++++ Provided data ++++

(* Let $D$ be a digraph without parallel edges, let $X\subseteq E(D)$, let $S$ be a set with $|S|=k$, and let $\lambda_1:E(D)\setminus X\to S$ and $\lambda_2:X\to S$. If $(E(D)\setminus X, X)$, viewed as a partition of the vertex set of $\vec{L}(D)$, is $(\lambda_1,\lambda_2)$-consistent in $\vec{L}(D)$, then $|S^V_X|\le 4k$.
   Context: All digraphs are finite and loopless. The directed line graph $\vec{L}(D)$ has vertex set $E(D)$ and an edge $\vec{ef}$ whenever $e=\vec{wx}$ and $f=\vec{xy}$ for some vertices $w,x,y$ of $D$. For $X\subseteq E(D)$, $S^V_X=\{y\in V(D): \exists x,z \text{ with } \vec{xy}\in E(D)\setminus X \text{ and } \vec{yz}\in X\}$. For a digraph $H$, a partition $(A,B)$ of $V(H)$ and functions $\lambda_A:A\to S$, $\lambda_B:B\to S$, $(A,B)$ is $(\lambda_A,\lambda_B)$-consistent if (i) for all $a_1,a_2\in A$ with $\lambda_A(a_1)=\lambda_A(a_2)$ and all $b\in B$: $\vec{a_1b}\in E(H)$ iff $\vec{a_2b}\in E(H)$; and (ii) for all $b_1,b_2\in B$ with $\lambda_B(b_1)=\lambda_B(b_2)$ and all $a\in A$: $\vec{ab_1}\in E(H)$ iff $\vec{ab_2}\in E(H)$. *)

theory Defs
  imports Main
begin

(* A digraph D without parallel edges: finite vertex set V, edge set E \<subseteq> V \<times> V
   (edges are ordered pairs, so no parallel edges), loopless. *)
definition simple_digraph :: "'v set \<Rightarrow> ('v \<times> 'v) set \<Rightarrow> bool" where
  "simple_digraph V E \<longleftrightarrow> finite V \<and> E \<subseteq> V \<times> V \<and> (\<forall>v. (v, v) \<notin> E)"

definition line_adj :: "('v \<times> 'v) set \<Rightarrow> ('v \<times> 'v) \<Rightarrow> ('v \<times> 'v) \<Rightarrow> bool" where
  "line_adj E e f \<longleftrightarrow> e \<in> E \<and> f \<in> E \<and> (\<exists>w x y. e = (w, x) \<and> f = (x, y))"

definition SVX :: "('v \<times> 'v) set \<Rightarrow> ('v \<times> 'v) set \<Rightarrow> 'v set" where
  "SVX E X = {y. \<exists>x z. (x, y) \<in> E - X \<and> (y, z) \<in> X}"

definition consistent ::
  "('a \<Rightarrow> 'a \<Rightarrow> bool) \<Rightarrow> 'a set \<Rightarrow> 'a set \<Rightarrow> ('a \<Rightarrow> 's) \<Rightarrow> ('a \<Rightarrow> 's) \<Rightarrow> bool" where
  "consistent adj A B lamA lamB \<longleftrightarrow>
     (\<forall>a1\<in>A. \<forall>a2\<in>A. lamA a1 = lamA a2 \<longrightarrow> (\<forall>b\<in>B. adj a1 b \<longleftrightarrow> adj a2 b)) \<and>
     (\<forall>b1\<in>B. \<forall>b2\<in>B. lamB b1 = lamB b2 \<longrightarrow> (\<forall>a\<in>A. adj a b1 \<longleftrightarrow> adj a b2))"

end

theory Submission
  imports Defs
begin

text \<open>Every vertex y of S^V_X has an in-edge e in E(D) - X and an out-edge f in X, and ef is an
  edge of the line graph. If in-edges e, e' into y, y' of S^V_X carry the same label, consistency
  makes e'f an edge as well, forcing y' = y. So labelling each such y by the label of one of its
  in-edges is injective, and in fact card S^V_X \<le> k.\<close>

lemma SVX_iff: "y \<in> SVX E X \<longleftrightarrow> (\<exists>x. (x, y) \<in> E - X) \<and> (\<exists>z. (y, z) \<in> X)"
  by (auto simp: SVX_def)

lemma consistent_same_label_same_head:
  assumes cons: "consistent (line_adj E) (E - X) X lam1 lam2" and "X \<subseteq> E"
    and e: "(x, y) \<in> E - X" and e': "(x', y') \<in> E - X" and f: "(y, z) \<in> X"
    and same_label: "lam1 (x, y) = lam1 (x', y')"
  shows "y' = y"
proof -
  have "line_adj E (x, y) (y, z)"
    using e f \<open>X \<subseteq> E\<close> by (auto simp: line_adj_def)
  moreover have "line_adj E (x, y) (y, z) \<longleftrightarrow> line_adj E (x', y') (y, z)"
    using cons e e' f same_label unfolding consistent_def by metis
  ultimately have "line_adj E (x', y') (y, z)" by simp
  then show ?thesis by (simp add: line_adj_def)
qed

lemma card_SVX_le_card_labels:
  assumes cons: "consistent (line_adj E) (E - X) X lam1 lam2" and "X \<subseteq> E"
    and "finite S" and labels: "\<forall>e\<in>E - X. lam1 e \<in> S"
  shows "card (SVX E X) \<le> card S"
proof -
  define in_edge where "in_edge y = (SOME e. e \<in> E - X \<and> snd e = y)" for y
  have in_edge: "in_edge y \<in> E - X \<and> snd (in_edge y) = y" if "y \<in> SVX E X" for y
  proof -
    from that obtain x where "(x, y) \<in> E - X" by (auto simp: SVX_iff)
    then have "\<exists>e. e \<in> E - X \<and> snd e = y" by force
    then show ?thesis unfolding in_edge_def by (rule someI_ex)
  qed
  have "inj_on (lam1 \<circ> in_edge) (SVX E X)"
  proof (rule inj_onI)
    fix y y' assume y: "y \<in> SVX E X" and y': "y' \<in> SVX E X"
      and same_label: "(lam1 \<circ> in_edge) y = (lam1 \<circ> in_edge) y'"
    obtain x where x: "in_edge y = (x, y)"
      using in_edge[OF y] by (metis prod.collapse)
    obtain x' where x': "in_edge y' = (x', y')"
      using in_edge[OF y'] by (metis prod.collapse)
    obtain z where z: "(y, z) \<in> X"
      using y by (auto simp: SVX_iff)
    have "(x, y) \<in> E - X" "(x', y') \<in> E - X" "lam1 (x, y) = lam1 (x', y')"
      using in_edge[OF y] in_edge[OF y'] same_label x x' by simp_all
    then show "y = y'"
      using consistent_same_label_same_head[OF cons \<open>X \<subseteq> E\<close> _ _ z] by metis
  qed
  moreover have "(lam1 \<circ> in_edge) ` SVX E X \<subseteq> S"
    using in_edge labels by auto
  ultimately show ?thesis
    using \<open>finite S\<close> by (rule card_inj_on_le)
qed

theorem mainTheorem3:
  fixes V :: "'v set" and E X :: "('v \<times> 'v) set" and S :: "'s set" and k :: nat
    and lam1 lam2 :: "('v \<times> 'v) \<Rightarrow> 's"
  assumes "simple_digraph V E"
    and "X \<subseteq> E"
    and "finite S" and "card S = k"
    and "\<forall>e\<in>E - X. lam1 e \<in> S"
    and "\<forall>e\<in>X. lam2 e \<in> S"
    and "consistent (line_adj E) (E - X) X lam1 lam2"
  shows "card (SVX E X) \<le> 4 * k"
proof -
  have "card (SVX E X) \<le> card S"
    using assms(7,2,3,5) by (rule card_SVX_le_card_labels)
  then show ?thesis using \<open>card S = k\<close> by simp
qed

end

++++

Exercise:
Word for word, restate the lines above from the line containing "fix y y' assume" through the line containing "using in_edge[OF y']", with both included and nothing else.

Result for this task:
    fix y y' assume y: "y \<in> SVX E X" and y': "y' \<in> SVX E X"
      and same_label: "(lam1 \<circ> in_edge) y = (lam1 \<circ> in_edge) y'"
    obtain x where x: "in_edge y = (x, y)"
      using in_edge[OF y] by (metis prod.collapse)
    obtain x' where x': "in_edge y' = (x', y')"
      using in_edge[OF y'] by (metis prod.collapse)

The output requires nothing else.